Each training example is a prompt-completion pair—the model sees the prompt, predicts the completion token by token, and updates its weights to minimize the difference between its prediction and the ground truth.

This is why we structured our dataset with prompt and completion fields earlier: SFT literally trains the model to produce that exact completion given that exact prompt. For our reversal task, this means showing the model Chinese text and its reversed version, hoping it learns the underlying transformation.

SFT trains the model to predict the next token.

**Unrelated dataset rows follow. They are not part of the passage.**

lemma frechet_normal_cone_gphUad_sufficient:
  assumes zb: "((y0, J0, al0, be0), u0) \<in> gphUad \<Omega> \<alpha> \<beta>"
    and a: "(a1, a2, a3, a4) \<in> Esp \<Omega>" "us \<in> L2sp \<Omega>"
    and y: "AE x in lebesgue_on \<Omega>. a1 x = 0" and J: "AE x in lebesgue_on \<Omega>. a2 x = 0"
    and u: "AE x in lebesgue_on \<Omega>. us x = - a3 x - a4 x"
    and al_pos: "AE x in lebesgue_on \<Omega>. x \<in> Omega1 \<Omega> \<alpha> (y0, J0, al0, be0) u0 \<longrightarrow> 0 \<le> a3 x"
    and al_zero: "AE x in lebesgue_on \<Omega>. x \<notin> Omega1 \<Omega> \<alpha> (y0, J0, al0, be0) u0 \<longrightarrow> a3 x = 0"
    and be_neg: "AE x in lebesgue_on \<Omega>. x \<in> Omega3 \<Omega> \<beta> (y0, J0, al0, be0) u0 \<longrightarrow> a4 x \<le> 0"
    and be_zero: "AE x in lebesgue_on \<Omega>. x \<notin> Omega3 \<Omega> \<beta> (y0, J0, al0, be0) u0 \<longrightarrow> a4 x = 0"
  shows "((a1, a2, a3, a4), us) \<in> frechet_normal_cone \<Omega> (gphUad \<Omega> \<alpha> \<beta>) ((y0, J0, al0, be0), u0)"
proof (rule frechet_normal_coneI_polar)
  show "fst ((a1, a2, a3, a4), us) \<in> Esp \<Omega>" "snd ((a1, a2, a3, a4), us) \<in> L2sp \<Omega>"
    using a by simp_all
  fix z assume "z \<in> gphUad \<Omega> \<alpha> \<beta>"
  moreover obtain y J al be u where z: "z = ((y, J, al, be), u)" by (metis prod.exhaust)
  ultimately have L2: "y \<in> L2sp \<Omega>" "J \<in> L2sp \<Omega>" "al \<in> L2sp \<Omega>" "be \<in> L2sp \<Omega>" "u \<in> L2sp \<Omega>"
    and box: "AE x in lebesgue_on \<Omega>. \<alpha> x + al x \<le> u x \<and> u x \<le> \<beta> x + be x"
    by (simp_all add: gphUad_tuple_iff)
  have L2_0: "y0 \<in> L2sp \<Omega>" "J0 \<in> L2sp \<Omega>" "al0 \<in> L2sp \<Omega>" "be0 \<in> L2sp \<Omega>" "u0 \<in> L2sp \<Omega>"
    using zb by (simp_all add: gphUad_tuple_iff)
  have "AE x in lebesgue_on \<Omega>. a1 x * (y x - y0 x) + a2 x * (J x - J0 x) + a3 x * (al x - al0 x)
      + a4 x * (be x - be0 x) + us x * (u x - u0 x) \<le> 0"
    using AE_space y J u al_pos al_zero be_neg be_zero box
  proof eventually_elim
    case (elim x)
    have "a3 x * (\<alpha> x + al x - u x) \<le> 0" "a4 x * (\<beta> x + be x - u x) \<le> 0"
      using elim by (auto simp: Omega1_def Omega3_def e_al_def e_be_def
          intro: mult_nonneg_nonpos mult_nonpos_nonneg)
    moreover have "a3 x * (\<alpha> x + al0 x - u0 x) = 0" "a4 x * (\<beta> x + be0 x - u0 x) = 0"
      using elim by (auto simp: Omega1_def Omega3_def e_al_def e_be_def)
    moreover have "a1 x * (y x - y0 x) + a2 x * (J x - J0 x) + a3 x * (al x - al0 x)
        + a4 x * (be x - be0 x) + us x * (u x - u0 x)
      = a3 x * (\<alpha> x + al x - u x) + a4 x * (\<beta> x + be x - u x)
        - a3 x * (\<alpha> x + al0 x - u0 x) - a4 x * (\<beta> x + be0 x - u0 x)"
      by (simp add: elim(2-4) algebra_simps)
    ultimately show ?case by linarith
  qed
  then show "Ppair \<Omega> ((a1, a2, a3, a4), us) (Psub z ((y0, J0, al0, be0), u0)) \<le> 0"
    unfolding z Psub_tuple using a L2 L2_0
    by (intro Ppair_nonpos_if_AE_nonpos) (auto simp: Esp_def e_y_def e_J_def e_al_def e_be_def L2sp_diff)
qed (rule zb)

Lower probability = higher loss = stronger penalty.

Input sequence

床

前

明

月

光

Model predictions (reversed)

Press play to see token-by-token training

Total loss—

0 / 5

The key question we want to answer: how much data does a model need to learn string reversal through imitation alone?. We'll train on our different dataset sizes (100, 500, 2500, 5000, 10000 examples) and see where performance plateaus.

To do so, we'll need to train a few different models. The easiest way to do so is to rent a cloud instance with a GPU, I used Prime Intellect to rent a couple of A6000s from Datacrunch and Hyperstack to do this over the holiday and paid roughly $0.50/hr for each GPU.

Luckily for us, Prime-RL is a great tool for this and provides an easy way for us to run SFT at different data scales, log experiments, and evaluate checkpoints.

Setting Up The GPU

The first thing that you'll need to do is to setup your GPU and for this I wrote a simple script below that would help me to install Prime-RL, UV, Wandb and other related packages that I would need for my SFT training and evaluation. You'll need the following env variables for it to work

WANDB_API_KEY=
WANDB_ENTITY=
HF_TOKEN=

You can get the HF_TOKEN by generating one from Hugging Face and the WANDB_API_KEY from Weights & Biases. If you're unfamiliar with the two, Hugging Face provides you with an easy way to upload and store your models and datasets while Weights & Biases provides you with a platform to track and visualize your experiments.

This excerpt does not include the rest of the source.